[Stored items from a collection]
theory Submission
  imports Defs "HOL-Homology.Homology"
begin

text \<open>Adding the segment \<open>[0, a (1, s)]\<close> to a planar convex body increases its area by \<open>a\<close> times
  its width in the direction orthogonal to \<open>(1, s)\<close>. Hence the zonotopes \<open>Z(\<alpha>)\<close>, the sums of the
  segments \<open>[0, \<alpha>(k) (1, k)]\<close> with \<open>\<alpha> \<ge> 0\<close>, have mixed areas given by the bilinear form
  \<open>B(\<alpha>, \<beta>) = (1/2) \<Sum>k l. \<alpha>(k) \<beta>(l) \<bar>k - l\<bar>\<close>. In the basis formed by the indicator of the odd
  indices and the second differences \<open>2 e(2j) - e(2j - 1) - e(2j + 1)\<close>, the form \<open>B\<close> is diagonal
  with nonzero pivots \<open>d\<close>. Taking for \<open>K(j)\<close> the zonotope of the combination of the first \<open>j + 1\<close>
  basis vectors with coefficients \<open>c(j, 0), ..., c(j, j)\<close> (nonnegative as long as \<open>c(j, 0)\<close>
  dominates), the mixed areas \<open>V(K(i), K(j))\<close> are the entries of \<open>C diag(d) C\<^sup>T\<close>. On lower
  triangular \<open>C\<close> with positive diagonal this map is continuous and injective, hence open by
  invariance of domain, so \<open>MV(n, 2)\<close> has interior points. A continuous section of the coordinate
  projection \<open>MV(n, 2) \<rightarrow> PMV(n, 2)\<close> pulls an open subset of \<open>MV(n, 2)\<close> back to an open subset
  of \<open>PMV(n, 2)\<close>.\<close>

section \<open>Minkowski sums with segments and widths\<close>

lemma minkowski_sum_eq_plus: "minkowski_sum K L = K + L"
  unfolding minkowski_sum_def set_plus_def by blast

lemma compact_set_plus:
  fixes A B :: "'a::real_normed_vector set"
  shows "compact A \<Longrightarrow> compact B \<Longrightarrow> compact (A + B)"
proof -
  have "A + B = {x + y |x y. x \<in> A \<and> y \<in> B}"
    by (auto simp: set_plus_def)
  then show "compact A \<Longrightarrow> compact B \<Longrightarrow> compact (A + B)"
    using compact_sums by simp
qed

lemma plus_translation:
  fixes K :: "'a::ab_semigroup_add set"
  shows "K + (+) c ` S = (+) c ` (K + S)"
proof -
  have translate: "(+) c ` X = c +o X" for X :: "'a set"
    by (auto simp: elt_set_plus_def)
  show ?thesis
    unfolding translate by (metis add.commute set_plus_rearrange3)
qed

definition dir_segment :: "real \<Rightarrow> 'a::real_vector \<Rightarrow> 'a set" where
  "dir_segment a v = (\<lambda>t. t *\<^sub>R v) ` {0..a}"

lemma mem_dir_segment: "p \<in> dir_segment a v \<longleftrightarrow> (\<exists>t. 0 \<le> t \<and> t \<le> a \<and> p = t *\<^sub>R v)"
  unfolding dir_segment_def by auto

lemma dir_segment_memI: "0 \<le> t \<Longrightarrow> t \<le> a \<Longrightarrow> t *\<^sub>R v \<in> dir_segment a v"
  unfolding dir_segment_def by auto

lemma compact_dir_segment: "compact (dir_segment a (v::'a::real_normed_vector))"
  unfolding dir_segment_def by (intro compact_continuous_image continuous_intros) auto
---
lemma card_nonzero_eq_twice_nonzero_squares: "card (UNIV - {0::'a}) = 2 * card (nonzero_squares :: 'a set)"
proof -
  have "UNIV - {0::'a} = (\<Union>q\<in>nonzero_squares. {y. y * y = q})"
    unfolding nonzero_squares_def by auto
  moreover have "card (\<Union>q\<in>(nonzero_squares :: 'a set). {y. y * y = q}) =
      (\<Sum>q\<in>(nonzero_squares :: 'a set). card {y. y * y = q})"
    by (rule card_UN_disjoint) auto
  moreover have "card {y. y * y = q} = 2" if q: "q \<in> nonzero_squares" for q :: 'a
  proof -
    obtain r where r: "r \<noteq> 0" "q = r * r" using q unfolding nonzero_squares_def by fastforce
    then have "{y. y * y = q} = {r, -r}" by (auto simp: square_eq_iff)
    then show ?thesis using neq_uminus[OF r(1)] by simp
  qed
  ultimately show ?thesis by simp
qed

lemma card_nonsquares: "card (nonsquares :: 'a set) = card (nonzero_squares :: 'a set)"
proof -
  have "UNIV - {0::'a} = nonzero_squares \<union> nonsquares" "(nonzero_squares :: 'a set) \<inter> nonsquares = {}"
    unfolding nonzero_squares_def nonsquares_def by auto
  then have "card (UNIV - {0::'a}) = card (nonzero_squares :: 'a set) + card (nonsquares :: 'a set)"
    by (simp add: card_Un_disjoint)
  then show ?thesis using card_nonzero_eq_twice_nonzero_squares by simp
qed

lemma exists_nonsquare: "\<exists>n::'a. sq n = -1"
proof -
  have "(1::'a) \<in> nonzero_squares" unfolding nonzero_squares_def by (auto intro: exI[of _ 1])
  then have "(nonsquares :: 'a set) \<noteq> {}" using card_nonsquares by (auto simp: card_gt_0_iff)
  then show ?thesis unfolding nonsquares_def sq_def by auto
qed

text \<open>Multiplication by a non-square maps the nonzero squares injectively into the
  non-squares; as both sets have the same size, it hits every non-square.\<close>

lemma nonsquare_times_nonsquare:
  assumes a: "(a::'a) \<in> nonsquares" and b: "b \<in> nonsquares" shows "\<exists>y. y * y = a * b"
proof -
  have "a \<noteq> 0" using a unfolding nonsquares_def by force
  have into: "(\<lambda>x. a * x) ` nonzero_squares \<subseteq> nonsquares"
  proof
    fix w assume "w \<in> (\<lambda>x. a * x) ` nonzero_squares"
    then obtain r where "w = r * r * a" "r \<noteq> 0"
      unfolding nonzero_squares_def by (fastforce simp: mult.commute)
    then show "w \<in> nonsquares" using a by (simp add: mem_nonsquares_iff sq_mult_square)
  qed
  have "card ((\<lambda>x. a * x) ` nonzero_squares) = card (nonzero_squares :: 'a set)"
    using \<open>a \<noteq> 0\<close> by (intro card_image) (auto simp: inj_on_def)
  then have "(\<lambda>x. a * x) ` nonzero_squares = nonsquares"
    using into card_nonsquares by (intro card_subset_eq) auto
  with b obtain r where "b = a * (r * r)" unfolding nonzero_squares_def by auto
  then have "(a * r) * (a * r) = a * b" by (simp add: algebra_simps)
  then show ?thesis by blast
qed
--
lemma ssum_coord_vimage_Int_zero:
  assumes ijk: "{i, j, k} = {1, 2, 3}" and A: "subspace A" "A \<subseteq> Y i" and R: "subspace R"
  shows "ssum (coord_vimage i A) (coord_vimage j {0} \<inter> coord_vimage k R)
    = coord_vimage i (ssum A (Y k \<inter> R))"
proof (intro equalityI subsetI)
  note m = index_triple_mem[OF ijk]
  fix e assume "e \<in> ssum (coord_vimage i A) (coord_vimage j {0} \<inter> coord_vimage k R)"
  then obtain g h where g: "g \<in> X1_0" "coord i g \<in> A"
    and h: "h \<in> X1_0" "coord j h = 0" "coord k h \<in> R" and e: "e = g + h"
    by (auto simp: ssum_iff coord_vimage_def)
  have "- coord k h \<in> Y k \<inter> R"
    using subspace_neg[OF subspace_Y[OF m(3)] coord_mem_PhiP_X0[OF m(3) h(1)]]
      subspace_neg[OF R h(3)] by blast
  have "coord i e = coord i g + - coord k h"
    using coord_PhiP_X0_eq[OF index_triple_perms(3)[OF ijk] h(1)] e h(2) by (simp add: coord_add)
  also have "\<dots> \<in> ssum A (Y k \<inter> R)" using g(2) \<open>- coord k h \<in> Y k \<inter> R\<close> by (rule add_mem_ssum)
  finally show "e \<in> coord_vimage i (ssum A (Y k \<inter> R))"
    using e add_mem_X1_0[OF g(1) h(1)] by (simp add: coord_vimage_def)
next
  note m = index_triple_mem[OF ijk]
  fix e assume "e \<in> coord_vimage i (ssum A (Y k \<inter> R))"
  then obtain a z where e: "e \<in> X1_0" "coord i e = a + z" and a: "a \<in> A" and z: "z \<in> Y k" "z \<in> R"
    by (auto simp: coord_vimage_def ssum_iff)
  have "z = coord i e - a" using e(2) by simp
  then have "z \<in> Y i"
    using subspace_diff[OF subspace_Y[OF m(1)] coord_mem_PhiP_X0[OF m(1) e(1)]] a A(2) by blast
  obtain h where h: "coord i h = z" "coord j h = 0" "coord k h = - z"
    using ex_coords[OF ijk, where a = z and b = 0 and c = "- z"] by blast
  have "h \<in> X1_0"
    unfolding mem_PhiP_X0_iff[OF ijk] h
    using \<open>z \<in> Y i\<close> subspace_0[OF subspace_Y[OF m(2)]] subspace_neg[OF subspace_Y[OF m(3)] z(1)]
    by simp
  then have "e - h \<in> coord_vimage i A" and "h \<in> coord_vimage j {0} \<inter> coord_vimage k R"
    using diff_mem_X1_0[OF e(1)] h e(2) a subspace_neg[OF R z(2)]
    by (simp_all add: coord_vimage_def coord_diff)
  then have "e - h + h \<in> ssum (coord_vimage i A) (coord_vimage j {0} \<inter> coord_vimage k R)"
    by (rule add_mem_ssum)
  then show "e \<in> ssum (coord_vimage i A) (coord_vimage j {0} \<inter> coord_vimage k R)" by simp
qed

PROBLEM
All that is needed is the number of lines above in which the string "basis" appears.

ANSWER FOR THIS EXERCISE
2